P2-90 Comparison of Gel Electrophoresis and Microfluidic Separation of PCR Products for Identification of Pathogenic Vibrio spp

Tuesday, July 30, 2013
Exhibit Hall (Charlotte Convention Center)
Willis Fedio, New Mexico State University, Las Cruces, NM
Jessica Jones, U.S. Food and Drug Administration, Dauphin Island, AL
Paul Browning, New Mexico State University, Las Cruces, NM
Lyssa White, New Mexico State University, Las Cruces, NM
Juan Olea, New Mexico State University, Las Cruces, NM
Ruiqing Pamboukian, U.S. Food and Drug Administration, Rockville, MD
Angelo DePaola, U.S. Food and Drug Administration, Dauphin Island, AL
Introduction: Vibrio cholerae, V. parahaemolyticus, and V. vulnificus are well-documented human pathogens. The U.S. FDA Bacteriological Analytical Manual (BAM) recommends conventional PCR procedures for identification and characterization of pathogenic Vibrio isolates which requires agarose gel electrophoresis for visualization of the amplified products.

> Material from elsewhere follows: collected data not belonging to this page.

lemma two_neq_zero_or_of_nat_eq_zero:
  assumes "CARD('a::{finite,field}) = m * CHAR('a)" "CARD('a) \<noteq> 2"
  shows "(2::'a) \<noteq> 0 \<or> (of_nat m :: 'a) = 0"
proof -
  obtain r where r: "CARD('a) = CHAR('a) ^ Suc r"
    by (rule card_finite_field_eq_CHAR_power)
  then have "m * CHAR('a) = CHAR('a) ^ r * CHAR('a)"
    using assms(1) by (simp only: power_Suc2)
  then have m: "m = CHAR('a) ^ r"
    using prime_gt_0_nat[OF prime_CHAR_finite_field[where 'a='a]] by simp
  show ?thesis
  proof (cases "(2::'a) = 0")
    case True
    then have "CHAR('a) dvd 2"
      using of_nat_eq_0_iff_char_dvd[of 2, where 'a='a] by simp
    then have "CHAR('a) = 2"
      using primes_dvd_imp_eq prime_CHAR_finite_field two_is_prime_nat by blast
    then have "r \<noteq> 0"
      using r assms(2) by auto
    then show ?thesis
      using m by (simp add: of_nat_eq_0_iff_char_dvd)
  qed simp
qed

section \<open>A power sum identity in finite fields\<close>

lemma sum_div_times_power:
  fixes f :: "nat \<Rightarrow> 'a::comm_semiring_1"
  shows "(\<Sum>e<k * m. f (e div m) * z ^ e) = (\<Sum>t<k. f t * (z ^ m) ^ t) * (\<Sum>i<m. z ^ i)"
proof -
  have "(\<Sum>e<k * m. f (e div m) * z ^ e)
      = (\<Sum>t<k. \<Sum>e\<in>{t * m..<t * m + m}. f (e div m) * z ^ e)"
    by (simp add: sum.nat_group)
  also have "\<dots> = (\<Sum>t<k. \<Sum>i<m. f t * (z ^ m) ^ t * z ^ i)"
  proof (rule sum.cong[OF refl])
    fix t
    have "(\<Sum>e\<in>{t * m..<t * m + m}. f (e div m) * z ^ e)
        = (\<Sum>i\<in>{0..<m}. f ((i + t * m) div m) * z ^ (i + t * m))"
      using sum.shift_bounds_nat_ivl[of "\<lambda>e. f (e div m) * z ^ e" 0 "t * m" m]
      by (simp only: add_0 add.commute)
    also have "\<dots> = (\<Sum>i<m. f t * (z ^ m) ^ t * z ^ i)"
      by (intro sum.cong) (auto simp: power_add power_mult mult.commute[of t m] mult_ac)
    finally show "(\<Sum>e\<in>{t * m..<t * m + m}. f (e div m) * z ^ e)
        = (\<Sum>i<m. f t * (z ^ m) ^ t * z ^ i)" .
  qed
  also have "\<dots> = (\<Sum>t<k. f t * (z ^ m) ^ t) * (\<Sum>i<m. z ^ i)"
    by (simp add: sum_product)
  finally show ?thesis .
qed

lemma sum_Suc_times_power:
  fixes y :: "'a::comm_ring_1"
  shows "(y - 1) * (\<Sum>t<n. of_nat (Suc t) * y ^ t) = of_nat n * y ^ n - (\<Sum>t<n. y ^ t)"
  by (induction n) (simp_all add: algebra_simps)

lemma sum_Suc_times_power_CHAR:
  fixes y :: "'a::comm_ring_1"
  assumes "CHAR('a) > 0"
  shows "(y - 1) * (\<Sum>t<CHAR('a) - 1. of_nat (Suc t) * y ^ t) = - (\<Sum>t<CHAR('a). y ^ t)"
proof -
  have "(of_nat (CHAR('a) - 1) :: 'a) = - 1"
    using assms by (simp add: of_nat_diff)
  moreover have "(\<Sum>t<CHAR('a). y ^ t) = (\<Sum>t<CHAR('a) - 1. y ^ t) + y ^ (CHAR('a) - 1)"
    using assms by (metis Suc_diff_1 sum.lessThan_Suc)
  ultimately show ?thesis
    using sum_Suc_times_power[of y "CHAR('a) - 1"] by simp
qed

lemma sum_Suc_div_times_power_eq_inverse:
  fixes z :: "'a::field"
  assumes p: "CHAR('a) > 0" and z: "z ^ (m * CHAR('a)) = z" "z ^ m \<noteq> 1"
  shows "(\<Sum>e<(CHAR('a) - 1) * m. of_nat (Suc (e div m)) * z ^ e) = - inverse (z ^ m - 1)"
proof -
  define y where "y = z ^ m"
  define R where "R = (\<Sum>t<CHAR('a) - 1. of_nat (Suc t) * y ^ t :: 'a)"
  define G where "G = (\<Sum>t<CHAR('a). y ^ t)"
  define P where "P = (\<Sum>i<m. z ^ i)"
  have R: "(y - 1) * R = - G"
    unfolding R_def G_def by (rule sum_Suc_times_power_CHAR[OF p])
  have G: "(y - 1) * G = z - 1"
    using power_diff_1_eq[of y "CHAR('a)"] z(1) by (simp add: G_def y_def power_mult)
  have P: "(z - 1) * P = y - 1"
    using power_diff_1_eq[of z m] by (simp add: P_def y_def)
  have "(y - 1) * ((y - 1) * (R * P)) = (y - 1) * ((y - 1) * R) * P"
    by (simp only: mult.assoc)
  also have "\<dots> = - ((y - 1) * G * P)"
    by (simp add: R)
  also have "\<dots> = - (y - 1)"
    by (simp add: G P)
  finally have "(y - 1) * ((y - 1) * (R * P) + 1) = 0"
    by (simp add: distrib_left)
  moreover have "y \<noteq> 1"
    using z(2) by (simp add: y_def)
  ultimately have "(y - 1) * (R * P) = - 1"
    by (simp add: eq_neg_iff_add_eq_0)
  then have "R * P = - inverse (y - 1)"
    using \<open>y \<noteq> 1\<close> by (simp add: field_simps)
  moreover have "(\<Sum>e<(CHAR('a) - 1) * m. of_nat (Suc (e div m)) * z ^ e) = R * P"
    unfolding R_def P_def y_def by (rule sum_div_times_power)
  ultimately show ?thesis
    by (simp add: y_def)
qed

lemma sum_Suc_div_eq_0:
  assumes "CHAR('a::field) > 0" "(2::'a) \<noteq> 0 \<or> (of_nat m :: 'a) = 0"
  shows "(\<Sum>e<(CHAR('a) - 1) * m. of_nat (Suc (e div m)) :: 'a) = 0"
proof -
  have "2 * (\<Sum>t<n. of_nat (Suc t)) = of_nat n * (of_nat (Suc n) :: 'a)" for n
    by (induction n) (simp_all add: algebra_simps)
  from this[of "CHAR('a) - 1"] have "2 * (\<Sum>t<CHAR('a) - 1. of_nat (Suc t) :: 'a) = 0"
    using assms(1) by simp
  moreover have "(\<Sum>e<(CHAR('a) - 1) * m. of_nat (Suc (e div m)) :: 'a)
      = (\<Sum>t<CHAR('a) - 1. of_nat (Suc t)) * of_nat m"
    using sum_div_times_power[where f = "\<lambda>t. of_nat (Suc t) :: 'a" and z = 1] by simp
  ultimately show ?thesis
    using assms(2) by auto
qed

text \<open>For \<open>z ^ m = 1\<close> the right-hand side is the junk value \<open>- inverse 0 = 0\<close>; this case
  is where \<open>CARD('a) \<noteq> 2\<close> is needed, since over the field with two elements the sum is \<open>1\<close>.\<close>

lemma sum_Suc_div_times_power:
  fixes z :: "'a::{finite,field}"
  assumes q: "CARD('a) = m * CHAR('a)" "CARD('a) \<noteq> 2"
  shows "(\<Sum>e<(CHAR('a) - 1) * m. of_nat (Suc (e div m)) * z ^ e) = - inverse (z ^ m - 1)"
proof -
  have p: "CHAR('a) > 0"
    using prime_CHAR_finite_field prime_gt_0_nat by blast
  show ?thesis
  proof (cases "z ^ m = 1")
    case True
    then have "z = 1"
      using power_inj_finite_field[OF q(1), of z 1] by simp
    then show ?thesis
      using sum_Suc_div_eq_0[OF p two_neq_zero_or_of_nat_eq_zero[OF q]] by simp
  next
    case False
    have "z ^ (m * CHAR('a)) = z"
      by (simp flip: q(1) add: finite_field_power_card)
    from p this False show ?thesis
      by (rule sum_Suc_div_times_power_eq_inverse)
  qed
qed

Purpose: The current study compares microfluidic separation by the Agilent 2100 Bioanalyzer to gel electrophoresis as an alternative for vibrio confirmation.

Methods: DNA templates were prepared from overnight broth cultures as described in the BAM. The organisms tested were previously characterized for the species specific and virulence markers listed below. PCR was performed as described in the BAM for V. cholerae cholera toxin (777 bp fragment of ctxAB), V. vulnificus species (519 bp fragment of vvh) and V. parahaemolyticus (triplex assay for 450 bp fragment of tlh species specific marker, 500 bp fragment of trh virulence marker and 270 bp fragment of tdh virulence marker). Product from each PCR was visualized by gel electrophoresis as described in the BAM and by microfluidic separation on “DNA chips” with the Agilent 2100.

Results: Of 51 V. cholerae isolates tested, ctx was detected after PCR in the same 16 isolates by both gel electrophoresis and by the Agilent. The vvh gene was detected in 52/52 isolates by gel electrophoresis and in all 53 V. vulnificus isolates with microfluidic separation. The V. parahaemolyticus species specific marker, tlh, was detected in 52/53 isolates by Agilent and gel electrophoresis.  The trh marker was identified in 26/53 V. parahaemolyticus isolates with the Agilent and in 25/53 with gel electrophoresis. The tdh gene was detected in 41/53 V. parahaemolyticus isolates by the microfluidic separation technique and 40/53 by gel electrophoresis.

Significance: These results indicate that microfluidic separation is a suitable alternative to gel electrophoresis for sizing and visualization of PCR fragments for the identification and characterization of pathogenic Vibrio spp.